For these reasons, I can't recommend this book enough (even if I disagree with him that meditation is the primary solution to the problems he describes).
Effortless Redundancy.......2007-08-29
In my estimation, this is not a book for anyone who is struggling with how to develop a clear method for practicing the piano or any instrument. In fact, book seems to be more focused upon Mr. Werner's ideological views about society than with the real issues of serious piano practice. For instance, he spends several paragraphs discussing the downfall of society as a result of women being able to use pain killers during child birth and humans being able to eat canned peaches.
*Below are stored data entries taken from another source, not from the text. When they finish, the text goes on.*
(* Let $(\Theta,\mathcal{D})$ be a measurable space with a probability measure $\nu$, and let $\mathcal{M}^\Theta=\{P^\theta:\theta\in\Theta\}\subseteq\mathcal{M}_1$ with $\theta\mapsto P^\theta(A)$ measurable for all $A\in\mathcal{F}$, and suppose $\mathcal{M}^\Theta$ is closed under countable convex combinations. Let $\mathbb{P}(A)=\int_\Theta P^\theta(A)\,\nu(\mathrm{d}\theta)$ be the mixture probability measure. Let $\alpha$ be of the form $\alpha(Q)=\widetilde\alpha(Q)$ for $Q\in\mathcal{Q}^{\mathbb{P}}$, $\alpha(Q)=+\infty$ for $Q\in\mathcal{M}_1\setminus\mathcal{Q}^{\mathbb{P}}$, where $\mathcal{Q}^{\mathbb{P}}$ is a weak-$*$-closed subset of $\mathcal{P}^{\mathbb{P}}$, $\widetilde\alpha<\infty$ on $\mathcal{Q}^{\mathbb{P}}$ and $\inf_{\mathcal{Q}^{\mathbb{P}}}\widetilde\alpha>-\infty$. Suppose that for all $A\in\mathcal{F}$ with $\mathbb{P}(A)>0$, $$\mathbb{P}(A)>\int_\Theta\widetilde P_2^\theta(A)\,\nu(\mathrm{d}\theta),$$ where $\widetilde P_2^\theta$ denotes the (unnormalized) singular part of the Lebesgue decomposition of $P^\theta$ with respect to $\mathbb{P}$. Then for all $X\in\mathcal{X}^{\mathcal{M}^\Theta}\cap L^\infty(\mathbb{P})$, $$\widehat\rho^{\mathcal{M}^\Theta}(X)=\widehat\rho^{\mathbb{P}}(X)=\rho^{\mathbb{P}}(X)=\rho^{\mathcal{M}^\Theta}(X).$$
   Context: $(\Omega,\mathcal{F})$ is a measurable space, $\mathcal{M}_1$ the set of probability measures on it with the topology of weak (weak-$*$) convergence, $\mathcal{X}$ the space of pointwise bounded $\mathcal{F}$-measurable real functions, $L^\infty(P)=L^\infty(\Omega,\mathcal{F},P)$, $\mathcal{P}^P=\{Q\in\mathcal{M}_1:Q\ll P\}$. With $\alpha$ as in the claim, $\rho(X)=\sup_{Q\in\mathcal{M}_1}\{\mathbb{E}_Q[-X]-\alpha(Q)\}$ on $\mathcal{X}$ (assumed real-valued). For $P\in\mathcal{M}_1$, $X\in L^\infty(P)$: $\rho^P(X)=\inf_{\{\widetilde X\in\mathcal{X}:P(\widetilde X=X)=1\}}\rho(\widetilde X)$ and $\widehat\rho^P(X)=\sup_{Q\in\mathcal{P}^P}\{\mathbb{E}_Q[-X]-\alpha(Q)\}$. For $\mathcal{M}\subseteq\mathcal{M}_1$: $\mathcal{X}^{\mathcal{M}}=\bigcap_{P\in\mathcal{M}}L^\infty(P)$, $\rho^{\mathcal{M}}(X)=\sup_{P\in\mathcal{M}}\rho^P(X)$, $\widehat\rho^{\mathcal{M}}(X)=\sup_{P\in\mathcal{M}}\widehat\rho^P(X)$. Closed under countable convex combinations: $\sum_i\lambda_iP_i\in\mathcal{M}^\Theta$ for $P_i\in\mathcal{M}^\Theta$, $\lambda_i\ge0$, $\sum\lambda_i=1$. *)

theory Defs
  imports "HOL-Probability.Probability"
begin

text \<open>The base measurable space (Omega, F) is represented by a measure M (only space M and
  sets M are used).  M1 M is the set of probability measures on (Omega, F).\<close>

definition M1 :: "'a measure \<Rightarrow> 'a measure set" where
  "M1 M = {N. sets N = sets M \<and> prob_space N}"

definition Xb :: "'a measure \<Rightarrow> ('a \<Rightarrow> real) set" where
  "Xb M = {X. X \<in> borel_measurable M \<and> bounded (X ` space M)}"

definition Linf :: "'a measure \<Rightarrow> ('a \<Rightarrow> real) set" where
  "Linf P = {X. X \<in> borel_measurable P \<and> (\<exists>c. AE \<omega> in P. \<bar>X \<omega>\<bar> \<le> c)}"

definition weak_open :: "'a measure \<Rightarrow> 'a measure set \<Rightarrow> bool" where
  "weak_open M U \<longleftrightarrow> U \<subseteq> M1 M \<and>
     (\<forall>Q\<in>U. \<exists>F e. finite F \<and> F \<subseteq> Xb M \<and> e > 0 \<and>
        {R \<in> M1 M. \<forall>X\<in>F. \<bar>(\<integral>\<omega>. X \<omega> \<partial>R) - (\<integral>\<omega>. X \<omega> \<partial>Q)\<bar> < e} \<subseteq> U)"

definition weak_closed :: "'a measure \<Rightarrow> 'a measure set \<Rightarrow> bool" where
  "weak_closed M S \<longleftrightarrow> S \<subseteq> M1 M \<and> weak_open M (M1 M - S)"

definition rho :: "'a measure \<Rightarrow> ('a measure \<Rightarrow> ereal) \<Rightarrow> ('a \<Rightarrow> real) \<Rightarrow> ereal" where
  "rho M \<alpha> X = (SUP Q \<in> M1 M. ereal (\<integral>\<omega>. - X \<omega> \<partial>Q) - \<alpha> Q)"

definition rhoP :: "'a measure \<Rightarrow> ('a measure \<Rightarrow> ereal) \<Rightarrow> 'a measure \<Rightarrow> ('a \<Rightarrow> real) \<Rightarrow> ereal" where
  "rhoP M \<alpha> P X = (INF Xt \<in> {Xt \<in> Xb M. AE \<omega> in P. Xt \<omega> = X \<omega>}. rho M \<alpha> Xt)"

definition rho_hat :: "'a measure \<Rightarrow> ('a measure \<Rightarrow> ereal) \<Rightarrow> 'a measure \<Rightarrow> ('a \<Rightarrow> real) \<Rightarrow> ereal" where
  "rho_hat M \<alpha> P X =
     (SUP Q \<in> {Q \<in> M1 M. absolutely_continuous P Q}. ereal (\<integral>\<omega>. - X \<omega> \<partial>Q) - \<alpha> Q)"

definition XM :: "'a measure set \<Rightarrow> ('a \<Rightarrow> real) set" where
  "XM Ms = (\<Inter>P\<in>Ms. Linf P)"

definition rhoM :: "'a measure \<Rightarrow> ('a measure \<Rightarrow> ereal) \<Rightarrow> 'a measure set \<Rightarrow> ('a \<Rightarrow> real) \<Rightarrow> ereal" where
  "rhoM M \<alpha> Ms X = (SUP P \<in> Ms. rhoP M \<alpha> P X)"

definition rho_hatM :: "'a measure \<Rightarrow> ('a measure \<Rightarrow> ereal) \<Rightarrow> 'a measure set \<Rightarrow> ('a \<Rightarrow> real) \<Rightarrow> ereal" where
  "rho_hatM M \<alpha> Ms X = (SUP P \<in> Ms. rho_hat M \<alpha> P X)"

text \<open>Lebesgue decomposition of P with respect to Pb: P = P1 + P2 with P1 << Pb and
  P2 singular to Pb.  The singular part is the (unique, for finite P) P2.\<close>
definition lebesgue_decomp :: "'a measure \<Rightarrow> 'a measure \<Rightarrow> 'a measure \<Rightarrow> 'a measure \<Rightarrow> bool" where
  "lebesgue_decomp Pb P P1 P2 \<longleftrightarrow>
     sets P1 = sets P \<and> sets P2 = sets P \<and> absolutely_continuous Pb P1 \<and>
     (\<exists>S\<in>sets P. emeasure Pb S = 0 \<and> emeasure P2 (space P - S) = 0) \<and>
     (\<forall>A\<in>sets P. emeasure P A = emeasure P1 A + emeasure P2 A)"

definition singular_part :: "'a measure \<Rightarrow> 'a measure \<Rightarrow> 'a measure" where
  "singular_part Pb P = (THE P2. \<exists>P1. lebesgue_decomp Pb P P1 P2)"

end

theory Submission
  imports Defs
begin

(* Write Pm for the mixture and P_theta for the members.  Since alpha is infinite outside
   Qset, which consists of measures absolutely continuous w.r.t. Pm, rho(Y) = rho_hat^Pm(X)
   for every bounded Y that equals X Pm-a.s.  Truncating X at a common essential bound for
   Pm and P_theta therefore gives
     rho_hat^{P_theta}(X) <= rho^{P_theta}(X) <= rho_hat^Pm(X) = rho^Pm(X)
   for every theta.  The reverse inequality only needs one member with Pm << P_theta*, because
   then every Q << Pm is also Q << P_theta*.  Such a member is found by a Halmos-Savage
   exhaustion: the sets C with Pm|C << P_theta for some theta are closed under countable
   unions (mix the witnesses with weights 2^-(i+1)), so there is a Pm-essentially largest one;
   the singular-part hypothesis says that every Pm-non-null set is charged by the absolutely
   continuous part of some P_theta, which forces the complement of the largest set to be
   Pm-null. *)

section \<open>Exhaustion and the singular part\<close>

lemma finite_measure_exhaustion:
  assumes "finite_measure \<mu>" and "NN \<subseteq> sets \<mu>" and "{} \<in> NN"
    and Union_closed: "\<And>F. (\<And>i::nat. F i \<in> NN) \<Longrightarrow> (\<Union>i. F i) \<in> NN"
  shows "\<exists>N\<in>NN. \<forall>E\<in>NN. measure \<mu> (E - N) = 0"
proof -
  interpret finite_measure \<mu> by fact
  define s where "s = (SUP E\<in>NN. measure \<mu> E)"
  have bdd: "bdd_above (measure \<mu> ` NN)"
    by (intro bdd_aboveI[of _ "measure \<mu> (space \<mu>)"]) (use assms(2) bounded_measure in auto)
  have "\<exists>E\<in>NN. s - inverse (Suc n) < measure \<mu> E" for n :: nat
    using less_cSUP_iff[OF _ bdd, of "s - inverse (Suc n)"] assms(3) unfolding s_def by auto
  then obtain F where F: "\<And>n. F n \<in> NN" "\<And>n. s - inverse (Suc n) < measure \<mu> (F n)"
    by metis
  define N where "N = (\<Union>n. F n)"
  have N: "N \<in> NN" "N \<in> sets \<mu>" unfolding N_def using Union_closed F assms(2) by blast+
  have N_le: "measure \<mu> E \<le> s" if "E \<in> NN" for E
    unfolding s_def using that bdd by (rule cSUP_upper)
  have "s - inverse (Suc n) \<le> measure \<mu> N" for n
    using F(2)[of n] finite_measure_mono[of "F n" N] N unfolding N_def by fastforce
  moreover have "(\<lambda>n. s - inverse (Suc n)) \<longlonglongrightarrow> s"
    using tendsto_diff[OF tendsto_const LIMSEQ_inverse_real_of_nat] by simp
  ultimately have N_sup: "measure \<mu> N = s"
    using N_le[OF N(1)] by (intro antisym LIMSEQ_le_const2) auto
  show ?thesis
  proof (intro bexI[OF _ N(1)] ballI)
    fix E assume E: "E \<in> NN"
    have "(\<Union>i::nat. if i = 0 then E else N) = E \<union> N"
      by (auto split: if_splits)
    then have "E \<union> N \<in> NN"
      using Union_closed[of "\<lambda>i. if i = 0 then E else N"] E N(1) by simp
    then have "measure \<mu> N + measure \<mu> (E - N) \<le> s"
      using N_le[of "E \<union> N"] finite_measure_Union[of N "E - N"] E N assms(2)
      by (auto simp: Un_commute)
    then show "measure \<mu> (E - N) = 0"
      using N_sup measure_nonneg[of \<mu> "E - N"] by linarith
  qed
qed

lemma emeasure_Int_plus_Diff:
  assumes "A \<in> sets M" "B \<in> sets M"
  shows "emeasure M (A \<inter> B) + emeasure M (A - B) = emeasure M A"
  using plus_emeasure[of "A \<inter> B" M "A - B"] assms by (auto simp: Int_Diff_Un)

definition singular_support :: "'a measure \<Rightarrow> 'a measure \<Rightarrow> 'a set \<Rightarrow> bool" where
  "singular_support Pm P N \<longleftrightarrow> N \<in> null_sets Pm \<and> (\<forall>E\<in>null_sets Pm. emeasure P (E - N) = 0)"

lemma singular_support_exists:
  assumes "finite_measure P" "sets P = sets Pm"
  obtains N where "singular_support Pm P N"
proof -
  have "\<exists>N\<in>null_sets Pm. \<forall>E\<in>null_sets Pm. measure P (E - N) = 0"
    using assms by (intro finite_measure_exhaustion) (auto intro: null_sets_UN)
  then show thesis
    using that finite_measure.emeasure_eq_measure[OF assms(1)]
    unfolding singular_support_def by auto
qed

lemma emeasure_null_set_eq_Int_singular_support:
  assumes "singular_support Pm P N" "sets P = sets Pm" "B \<in> null_sets Pm"
  shows "emeasure P B = emeasure P (B \<inter> N)"
  using assms emeasure_Int_plus_Diff[of B P N] unfolding singular_support_def by force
Then he makes some offhand comment about menopause. One begins to wonder whether this man has serious issues of his own and should be therapy. The bottom line is the book is extremely redundant and is of no help. I wouldn't recommend this book to any of my students as it would be a complete waste of their time. This book is really nothing more than a reflection of Kenny's stream of consciousness: a submerged mysogynistic and puritanical view of society that would have been better served if humans had not discovered the benefits of technology.
If a student really wants to become a master, then he or she should study the harmonic form of the piece and immerse oneself in the beauty of that experience. As Webern said, "your ears may tell you where you're going, but you have to know why."
Everyone should read this book.......2007-08-05
Even though, as a previous reviewer has noted, many of these truths should be self-evident, we forget them often. If nothing else as a reminder of what we already know, this book is a gem.
I would recommend this book for any musician.
Calling All Serious Muscians.......2007-07-18
This book is simply and profoundly inspirational. I've already noted a positive shift in my perspective towards my playing and improvising. If you are serious about your music and want deepen your musical and spiritual practice, I would highly suggest reading this book over and over!
Highly recommended for musicians of any instrument or style.......2007-07-12
I'm a drummer, and although Kenny is a pianist, the principles still applied.
He's a jazz man, and I prefer and play Rock, but his message still propels me to recommend this book. The only reason I rated 4 instead of 5 stars, is that I am Christian, and some of his "lessons" will definitely conflict with that faith. Disregard those passages, and you're still left with awesome material to internalize, and learn from.